Records from a collection
(* Let $P\subseteq\mathbb{R}^2$ be a convex polygon such that $\tau P=P^{\circ}$. Then $P$ has at least $6$ vertices.
   Context: $\tau:\mathbb{R}^2\to\mathbb{R}^2$ denotes the $90^\circ$ counterclockwise rotation. The polar of $P$ is $P^{\circ}=\{x\in\mathbb{R}^2: y^\top x\le 1\text{ for all }y\in P\}$. *)

theory Defs
  imports "HOL-Analysis.Analysis"
begin

definition rot90 :: "real^2 \<Rightarrow> real^2" where
  "rot90 x = (\<chi> i. if i = 1 then - (x $ 2) else x $ 1)"

definition polar_set :: "(real^2) set \<Rightarrow> (real^2) set" where
  "polar_set P = {x. \<forall>y\<in>P. y \<bullet> x \<le> 1}"

definition convex_polygon :: "(real^2) set \<Rightarrow> bool" where
  "convex_polygon P \<longleftrightarrow> polytope P \<and> interior P \<noteq> {}"

definition vertices :: "(real^2) set \<Rightarrow> (real^2) set" where
  "vertices P = {v. v extreme_point_of P}"

end

theory Submission
  imports Defs
begin

text \<open>If \<open>rot90 ` P\<close> is the polar of \<open>P\<close>, then for \<open>x, y \<in> P\<close> we get
  \<open>y \<bullet> rot90 (-x) = x \<bullet> rot90 y \<le> 1\<close>, so \<open>P\<close> is centrally symmetric and its
  vertices come in antipodal pairs \<open>\<plusminus>v\<close> with \<open>v \<noteq> 0\<close>. With fewer than six vertices
  \<open>P\<close> is a parallelogram with vertices \<open>\<plusminus>a, \<plusminus>b\<close>. The point \<open>x\<close> with
  \<open>a \<bullet> x = b \<bullet> x = 1\<close> lies in the polar, so \<open>x = rot90 z\<close> with \<open>z \<in> P\<close>; yet the
  functional \<open>u = - rot90 (a + b)\<close> is at most \<open>\<bar>a \<bullet> rot90 b\<bar> \<le> 1\<close> on the vertices
  while \<open>u \<bullet> z = (a + b) \<bullet> x = 2\<close>.\<close>

lemma rot90_nth [simp]: "rot90 x $ 1 = - (x $ 2)" "rot90 x $ 2 = x $ 1"
  by (simp_all add: rot90_def)

lemma inner_real2: "(x::real^2) \<bullet> y = x $ 1 * y $ 1 + x $ 2 * y $ 2"
  by (simp add: inner_vec_def sum_2)

lemma linear_rot90: "linear rot90"
  by (rule linearI) (simp_all add: vec_eq_iff forall_2)

lemma rot90_eq_iff [simp]: "rot90 x = rot90 y \<longleftrightarrow> x = y"
  by (auto simp: vec_eq_iff forall_2)

lemma inner_rot90_self [simp]: "x \<bullet> rot90 x = 0"
  by (simp add: inner_real2)

lemma inner_rot90_antisym: "x \<bullet> rot90 y = - (y \<bullet> rot90 x)"
  by (simp add: inner_real2)

lemma polar_set_convex_hull: "polar_set (convex hull V) = polar_set V"
proof
  show "polar_set (convex hull V) \<subseteq> polar_set V"
    using hull_subset[of V convex] unfolding polar_set_def by blast
  show "polar_set V \<subseteq> polar_set (convex hull V)"
  proof
    fix x assume "x \<in> polar_set V"
    then have "V \<subseteq> {y. x \<bullet> y \<le> 1}"
      by (auto simp: polar_set_def inner_commute[of x])
    then have "convex hull V \<subseteq> {y. x \<bullet> y \<le> 1}"
      by (rule hull_minimal) (rule convex_halfspace_le)
    then show "x \<in> polar_set (convex hull V)"
      by (auto simp: polar_set_def inner_commute[of x])
  qed
qed

lemma rot90_polar_imp_symmetric:
  assumes self_polar: "rot90 ` P = polar_set P" and "x \<in> P"
  shows "- x \<in> P"
proof -
  have "y \<bullet> rot90 (- x) \<le> 1" if "y \<in> P" for y
  proof -
    have "rot90 y \<in> polar_set P"
      using self_polar that by blast
    then have "x \<bullet> rot90 y \<le> 1"
      using \<open>x \<in> P\<close> by (simp add: polar_set_def)
    then show ?thesis
      by (simp add: linear_neg[OF linear_rot90] inner_rot90_antisym[of y])
  qed
  then have "rot90 (- x) \<in> rot90 ` P"
    using self_polar by (simp add: polar_set_def)
  then show ?thesis
    by auto
qed

lemma self_eq_neg_iff:
  fixes a :: "'a::real_vector"
  shows "a = - a \<longleftrightarrow> a = 0"
proof
  assume "a = - a"
  then have "2 *\<^sub>R a = 0"
    by (metis scaleR_2 add.right_inverse)
  then show "a = 0"
    by simp
qed simp

lemma extreme_point_of_symmetric_neg:
  fixes S :: "'a::real_vector set"
  assumes "\<And>x. x \<in> S \<Longrightarrow> - x \<in> S" and "v extreme_point_of S"
  shows "(- v) extreme_point_of S"
  unfolding extreme_point_of_def
proof (intro conjI ballI notI)
  show "- v \<in> S"
    using assms by (simp add: extreme_point_of_def)
next
  fix a b assume "a \<in> S" "b \<in> S" "- v \<in> open_segment a b"
  then have "v \<in> open_segment (- a) (- b)"
    using open_segment_linear_image[OF linear_uminus] by (force simp: inj_def)
  then show False
    using assms \<open>a \<in> S\<close> \<open>b \<in> S\<close> by (auto simp: extreme_point_of_def)
qed

lemma extreme_point_of_symmetric_zero:
  fixes S :: "'a::real_vector set"
  assumes "\<And>x. x \<in> S \<Longrightarrow> - x \<in> S" and "0 extreme_point_of S"
  shows "S = {0}"
proof -
  have "p = 0" if "p \<in> S" for p
  proof (rule ccontr)
    assume "p \<noteq> 0"
    then have "midpoint p (- p) \<in> open_segment p (- p)"
      by (simp add: midpoint_in_open_segment self_eq_neg_iff)
    moreover have "midpoint p (- p) = 0"
      by (simp add: midpoint_def)
    ultimately show False
      using assms that by (auto simp: extreme_point_of_def)
  qed
  then show ?thesis
    using assms by (auto simp: extreme_point_of_def)
qed

lemma card_Diff_antipodal_pair:
  fixes a :: "'a::real_vector"
  assumes "finite S" "a \<in> S" "- a \<in> S" "a \<noteq> 0"
  shows "card (S - {a, - a}) = card S - 2"
  using assms self_eq_neg_iff[of a] by (simp add: card_Diff_subset)

lemma symmetric_set_card_less_6:
  fixes S :: "'a::real_vector set"
  assumes "finite S" "S \<noteq> {}" "0 \<notin> S" and sym: "\<And>x. x \<in> S \<Longrightarrow> - x \<in> S"
    and "card S < 6"
  obtains a b where "S = {a, - a, b, - b}"
proof -
  obtain a where a: "a \<in> S"
    using \<open>S \<noteq> {}\<close> by blast
  define T where "T = S - {a, - a}"
  have card_T: "card T = card S - 2"
    unfolding T_def using assms a by (intro card_Diff_antipodal_pair) auto
  show ?thesis
  proof (cases "T = {}")
    case True
    then have "S = {a, - a, a, - a}"
      using a sym unfolding T_def by blast
    then show ?thesis
      using that by blast
  next
    case False
    then obtain b where b: "b \<in> T"
      by blast
    define R where "R = T - {b, - b}"
    have card_R: "card R = card T - 2"
      unfolding R_def using assms b by (intro card_Diff_antipodal_pair) (auto simp: T_def)
    have "c \<notin> R" for c
    proof
      assume c: "c \<in> R"
      then have "{c, - c} \<subseteq> R" and "c \<noteq> - c"
        using sym \<open>0 \<notin> S\<close> unfolding R_def T_def by (auto simp: self_eq_neg_iff)
      then have "2 \<le> card R"
        using card_mono[of R "{c, - c}"] \<open>finite S\<close> unfolding R_def T_def by simp
      then show False
        using card_R card_T \<open>card S < 6\<close> by linarith
    qed
    then have "S = {a, - a, b, - b}"
      using a b sym unfolding R_def T_def by blast
    then show ?thesis
      using that by blast
  qed
qed

lemma interior_convex_hull_collinear_pairs:
  assumes "a \<noteq> 0" "a \<bullet> rot90 b = 0"
  shows "interior (convex hull {a, - a, b, - b}) = {}"
proof -
  have "{a, - a, b, - b} \<subseteq> {y. rot90 a \<bullet> y = 0}"
    using assms(2) by (auto simp: inner_real2 algebra_simps)
  then have "convex hull {a, - a, b, - b} \<subseteq> {y. rot90 a \<bullet> y = 0}"
    by (rule hull_minimal) (rule convex_hyperplane)
  then have "interior (convex hull {a, - a, b, - b}) \<subseteq> interior {y. rot90 a \<bullet> y = 0}"
    by (rule interior_mono)
  also have "\<dots> = {}"
    using \<open>a \<noteq> 0\<close> by (intro interior_hyperplane) (auto simp: vec_eq_iff forall_2)
  finally show ?thesis
    by blast
qed

lemma rot90_polar_not_parallelogram:
  assumes P: "P = convex hull {a, - a, b, - b}" and "a \<noteq> 0" "interior P \<noteq> {}"
    and self_polar: "rot90 ` P = polar_set P"
  shows False
proof -
  define c where "c = a \<bullet> rot90 b"
  have "c \<noteq> 0"
    using interior_convex_hull_collinear_pairs assms unfolding c_def by blast
  have polar: "y \<bullet> rot90 x \<le> 1" if "x \<in> P" "y \<in> P" for x y
    using self_polar that unfolding polar_set_def by blast
  have "a \<in> P" "- a \<in> P" "b \<in> P"
    unfolding P by (simp_all add: hull_inc)
  then have "\<bar>c\<bar> \<le> 1"
    using polar[of b a] polar[of b "- a"] unfolding c_def by simp
  define x where "x = (1 / c) *\<^sub>R rot90 (b - a)"
  have "a \<bullet> x = 1" "b \<bullet> x = 1"
    using \<open>c \<noteq> 0\<close> unfolding x_def c_def
    by (simp_all add: linear_diff[OF linear_rot90] inner_diff_right inner_rot90_antisym[of b a])
  then have "x \<in> polar_set P"
    unfolding P polar_set_convex_hull by (simp add: polar_set_def)
  then obtain z where "z \<in> P" and x: "x = rot90 z"
    using self_polar by blast
  define u where "u = - rot90 (a + b)"
  have "u \<in> polar_set P"
    using \<open>\<bar>c\<bar> \<le> 1\<close> unfolding P polar_set_convex_hull u_def c_def
    by (simp add: polar_set_def linear_add[OF linear_rot90] inner_diff_right inner_rot90_antisym[of b a] abs_le_iff)
  then have "z \<bullet> u \<le> 1"
    using \<open>z \<in> P\<close> by (simp add: polar_set_def)
  moreover have "z \<bullet> u = (a + b) \<bullet> x"
    unfolding u_def x using inner_rot90_antisym[of z "a + b"] by simp
  ultimately show False
    using \<open>a \<bullet> x = 1\<close> \<open>b \<bullet> x = 1\<close> by (simp add: inner_add_left)
qed

theorem proposition5:
  fixes P :: "(real^2) set"
  assumes "convex_polygon P"
    and "rot90 ` P = polar_set P"
  shows "card (vertices P) \<ge> 6"
proof (rule ccontr)
  assume "\<not> card (vertices P) \<ge> 6"
  have poly: "polytope P" and int: "interior P \<noteq> {}"
    using assms(1) by (auto simp: convex_polygon_def)
  define V where "V = vertices P"
  have "finite V"
    unfolding V_def vertices_def
    by (simp add: finite_polyhedron_extreme_points poly polytope_imp_polyhedron)
  have P_hull: "P = convex hull V"
    unfolding V_def vertices_def
    using Krein_Milman_Minkowski poly polytope_imp_compact polytope_imp_convex by blast
  have sym_P: "- x \<in> P" if "x \<in> P" for x
    using rot90_polar_imp_symmetric assms(2) that .
  have sym_V: "- v \<in> V" if "v \<in> V" for v
    using extreme_point_of_symmetric_neg[OF sym_P] that unfolding V_def vertices_def by blast
  have "0 \<notin> V"
    using extreme_point_of_symmetric_zero[OF sym_P] int unfolding V_def vertices_def by auto
  moreover have "V \<noteq> {}"
    using P_hull int by auto
  moreover have "card V < 6"
    using \<open>\<not> card (vertices P) \<ge> 6\<close> unfolding V_def by simp
  ultimately obtain a b where V: "V = {a, - a, b, - b}"
    using symmetric_set_card_less_6 \<open>finite V\<close> sym_V by blast
  have "a \<noteq> 0"
    using \<open>0 \<notin> V\<close> V by blast
  show False
    using rot90_polar_not_parallelogram[OF P_hull[unfolded V] \<open>a \<noteq> 0\<close> int assms(2)] .
qed

end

*TASK REQUIREMENTS*:
Lines above with "Longrightarrow": state how many, nothing more.

*EXPECTED ANSWER*:
3